En cambio, la evidencia bibliométrica, como los gráficos de palabras anteriores, ilustra lo obvio: la teoría de la alienación es una invención moderna surgida de manuscritos que permanecieron inaccesibles y desconocidos hasta mediados del siglo XX. Los teóricos marxistas de aquella época necesitaban desesperadamente llenar el vacío dejado por el colapso de la teoría de la plusvalía en el ámbito económico, y el concepto recién disponible de Entfremdung se convirtió en su solución improvisada.

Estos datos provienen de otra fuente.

lemma is_ring_hom_cst: "is_ring_hom (cst :: 'k::field \<Rightarrow> 'k S4)"
  by (simp add: is_ring_hom_def cst_add cst_mult cst_def one_pCons)

lemma cst_0 [simp]: "cst 0 = 0"
  by (simp add: cst_def)

lemma cst_1 [simp]: "cst 1 = 1"
  by (simp add: cst_def one_pCons)

lemma cst_diff: "cst (a - b) = cst a - cst b"
  by (rule ring_hom_diff[OF is_ring_hom_cst])

lemma cst_uminus: "cst (- a) = - cst a"
  by (rule ring_hom_uminus[OF is_ring_hom_cst])

definition var :: "nat \<Rightarrow> 'k::field S4" where
  "var i = (if i = 0 then x0 else if i = 1 then x1 else if i = 2 then x2 else x3)"

lemma less_4_cases: "(i::nat) < 4 \<longleftrightarrow> i = 0 \<or> i = 1 \<or> i = 2 \<or> i = 3"
  by auto

lemma sum_less_4: "(\<Sum>j<4. f j) = f 0 + f 1 + f 2 + f (3::nat)"
  by (simp add: eval_nat_numeral add.commute add.left_commute)

definition substitute :: "(nat \<Rightarrow> 'k::field S4) \<Rightarrow> 'k S4 \<Rightarrow> 'k S4" where
  "substitute y = poly_hom (poly_hom (poly_hom (poly_hom cst (y 0)) (y 1)) (y 2)) (y 3)"

lemma is_ring_hom_substitute: "is_ring_hom (substitute y)"
  unfolding substitute_def by (intro is_ring_hom_poly_hom is_ring_hom_cst)

lemma substitute_cst [simp]: "substitute y (cst c) = cst c"
  by (simp add: substitute_def cst_def poly_hom_const)

lemma substitute_vars [simp]:
  "substitute y x0 = y 0" "substitute y x1 = y 1" "substitute y x2 = y 2" "substitute y x3 = y 3"
  by (simp_all add: substitute_def x0_def x1_def x2_def x3_def poly_hom_const poly_hom_pCons)

lemma substitute_var: "i < 4 \<Longrightarrow> substitute y (var i) = y i"
  by (auto simp: less_4_cases var_def)

lemma ring_hom_eqI:
  fixes g h :: "'k::field S4 \<Rightarrow> 'k S4"
  assumes "is_ring_hom g" "is_ring_hom h" "\<And>c. g (cst c) = h (cst c)"
    and "\<And>i. i < 4 \<Longrightarrow> g (var i) = h (var i)"
  shows "g f = h f"
proof (induction f rule: S4_induct)
  case (cst c) show ?case by (rule assms(3))
next
  case x0 show ?case using assms(4)[of 0] by (simp add: var_def)
next
  case x1 show ?case using assms(4)[of 1] by (simp add: var_def)
next
  case x2 show ?case using assms(4)[of 2] by (simp add: var_def)
next
  case x3 show ?case using assms(4)[of 3] by (simp add: var_def)
next
  case (add a b) then show ?case by (simp add: ring_hom_add assms(1,2))
next
  case (mult a b) then show ?case by (simp add: ring_hom_mult assms(1,2))
qed

lemma substitute_substitute:
  "substitute z (substitute y f) = substitute (\<lambda>i. substitute z (y i)) f"
  by (rule ring_hom_eqI)
    (simp_all add: is_ring_hom_comp[unfolded comp_def] is_ring_hom_substitute substitute_var)

lemma substitute_var_id: "substitute var f = f"
  using ring_hom_eqI[OF is_ring_hom_substitute is_ring_hom_id, of var f] by (simp add: substitute_var)

lemma substitute_cong: "(\<And>i. i < 4 \<Longrightarrow> y i = z i) \<Longrightarrow> substitute y = substitute z"
  unfolding substitute_def by simp

definition eval_at :: "(nat \<Rightarrow> 'k::field) \<Rightarrow> 'k S4 \<Rightarrow> 'k" where
  "eval_at v = poly_hom (poly_hom (poly_hom (poly_hom id (v 0)) (v 1)) (v 2)) (v 3)"

lemma is_ring_hom_eval_at: "is_ring_hom (eval_at v)"
  unfolding eval_at_def by (intro is_ring_hom_poly_hom is_ring_hom_id)

lemma eval_at_cst [simp]: "eval_at v (cst c) = c"
  by (simp add: eval_at_def cst_def poly_hom_const)

lemma eval_at_vars [simp]:
  "eval_at v x0 = v 0" "eval_at v x1 = v 1" "eval_at v x2 = v 2" "eval_at v x3 = v 3"
  by (simp_all add: eval_at_def x0_def x1_def x2_def x3_def poly_hom_const poly_hom_pCons)

subsection \<open>Linear changes of coordinates\<close>

definition linear_form :: "(nat \<Rightarrow> 'k::field) \<Rightarrow> 'k S4" where
  "linear_form c = (\<Sum>j<4. cst (c j) * var j)"

lemma linear_form_expand:
  "linear_form c = cst (c 0) * x0 + cst (c 1) * x1 + cst (c 2) * x2 + cst (c 3) * x3"
  by (simp add: linear_form_def sum_less_4 var_def)

lemma substitute_linear_form: "substitute y (linear_form c) = (\<Sum>j<4. cst (c j) * y j)"
  by (simp add: linear_form_def ring_hom_sum[OF is_ring_hom_substitute]
      ring_hom_mult[OF is_ring_hom_substitute] substitute_var)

En lugar de sufrir el doble descrédito del rechazo académico por parte de la mayoría de los economistas y de la mala reputación provocada por la revelación de los abusos de Stalin contra los derechos humanos, el marxismo cobró nueva vida en los años 60 gracias a una oportuna reinterpretación de sus doctrinas fundamentales. Desvinculado de la teoría de la plusvalía que el Marx histórico impuso a su propio sistema económico, sus seguidores lo reinventaron como sociólogo y filósofo de la condición humana.
Ya no sujetos al juicio de sus pares ni a la prueba de la práctica en el ámbito político-económico, los socialistas actuales procedieron como si las teorías de Marx hubieran salido intactas de casi un siglo de críticas demoledoras, al afirmar que habían encontrado para ellas un nuevo fundamento en la teoría de la alienación. A Zohran Mamdani, Alexandria Ocasio-Cortez y otros políticos de Socialistas Democráticos de Estados Unidos les basta con apelar a la alienación como pretexto para una amplia transformación marxista de la economía estadounidense. Poco importa que el socialismo obtenga su mayor apoyo de un segmento minoritario de millennials con un alto nivel educativo (datos de encuestas recientes muestran que la valoración favorable del socialismo es mayor entre las personas con títulos universitarios y, especialmente, entre quienes poseen títulos de posgrado). La teoría de la alienación pone el marxismo al alcance de cualquiera, incluso de la burguesía.
Mientras que la plusvalía implica un cálculo mecánico específico de la posición económica de la clase trabajadora, la alienación puede adaptarse a casi cualquier agravio social o cultural imaginable. Las preocupaciones emocionales son reempaquetadas como problemas materiales, allanando el camino para resucitar políticas económicas largamente desacreditadas, como el control de alquileres, la fijación de precios y la propiedad pública de las empresas, como un supuesto remedio frente a un diagnóstico sociológico fluido y en constante cambio.
Las políticas marxistas se convierten en la respuesta predeterminada del socialista no solo ante cualquier agravio económico, sino también ante la atomización social que hace que los jóvenes se sientan a la deriva.